For events during O2 (and beyond), multiple different types of data were released for a given event, typically including the calibrated strain data, and a cleaned dataset with numerous well-defined instrumental noises removed.

When querying for events during O2, an error will be raised if you don't specify which type of data you want, using the `tag` keyword:

In [7]:
urls = get_event_urls('GW170817')

ValueError: multiple LOSC URL tags discovered in dataset, please select one of: u'C00', u'CLN'

The error message tells you what tags are available, and you can refer to the [release page](https://losc.ligo.org/events/GW170817/) for documentation on what each tagged set contains.

Now, if you specify the tag, you get back to the sitaution as for those events in O1:

In [8]:
urls = get_event_urls('GW170817', tag='CLN')
print(urls)

[u'https://losc.ligo.org//s/events/GW170817/H-H1_LOSC_CLN_4_V1-1187007040-2048.hdf5', u'https://losc.ligo.org//s/events/GW170817/L-L1_LOSC_CLN_4_V1-1187007040-2048.hdf5', u'https://losc.ligo.org//s/events/GW170817/V-V1_LOSC_CLN_4_V1-1187007040-2048.hdf5']

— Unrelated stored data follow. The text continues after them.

lemma triangle_coords_unique:
  fixes a b c :: "'a::real_vector"
  assumes "\<not> collinear {a, b, c}"
    and "a + \<beta> *\<^sub>R (b - a) + \<gamma> *\<^sub>R (c - a) = a + \<beta>' *\<^sub>R (b - a) + \<gamma>' *\<^sub>R (c - a)"
  shows "\<beta> = \<beta>' \<and> \<gamma> = \<gamma>'"
proof -
  have "\<not> collinear {0, b - a, c - a}"
    using assms(1) collinear_3[of b a c] by (simp add: insert_commute)
  then have nc: "\<not> collinear {0, c - a, b - a}"
    by (simp add: insert_commute)
  have eq: "(\<beta> - \<beta>') *\<^sub>R (b - a) = (\<gamma>' - \<gamma>) *\<^sub>R (c - a)"
    using assms(2) by (simp add: algebra_simps)
  show ?thesis
  proof (cases "\<beta> = \<beta>'")
    case True
    then show ?thesis
      using eq nc collinear_lemma by fastforce
  next
    case False
    then have "b - a = inverse (\<beta> - \<beta>') *\<^sub>R ((\<beta> - \<beta>') *\<^sub>R (b - a))"
      by simp
    also have "\<dots> = (inverse (\<beta> - \<beta>') * (\<gamma>' - \<gamma>)) *\<^sub>R (c - a)"
      using eq by simp
    finally show ?thesis
      using nc collinear_lemma by blast
  qed
qed

lemma closed_segment_triangle_coords:
  fixes a b c :: "'a::real_vector"
  assumes "\<not> collinear {a, b, c}" and "y \<in> closed_segment b c"
    and "y = a + \<beta> *\<^sub>R (b - a) + \<gamma> *\<^sub>R (c - a)"
  shows "\<beta> + \<gamma> = 1"
proof -
  obtain u where "y = (1 - u) *\<^sub>R b + u *\<^sub>R c"
    using assms(2) in_segment(1) by blast
  then have "a + \<beta> *\<^sub>R (b - a) + \<gamma> *\<^sub>R (c - a) = a + (1 - u) *\<^sub>R (b - a) + u *\<^sub>R (c - a)"
    using assms(3) by (simp add: algebra_simps)
  then show ?thesis
    using triangle_coords_unique[OF assms(1)] by fastforce
qed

We see that for this cleaned dataset, there's just a single file for each interferometer, so we could select on one using the `detector` keyword:

In [9]:
urls = get_event_urls('GW170817', tag='CLN', detector='V1')
print(urls)

[u'https://losc.ligo.org//s/events/GW170817/V-V1_LOSC_CLN_4_V1-1187007040-2048.hdf5']


# Exercises

Now that you've seen examples of how to query for dataset information using the `gwosc` package, please try and complete the following exercies using that interface:

- How many months did S6 last?
- How many events were detected during O1?
- Which event releases include data for the Virgo detector?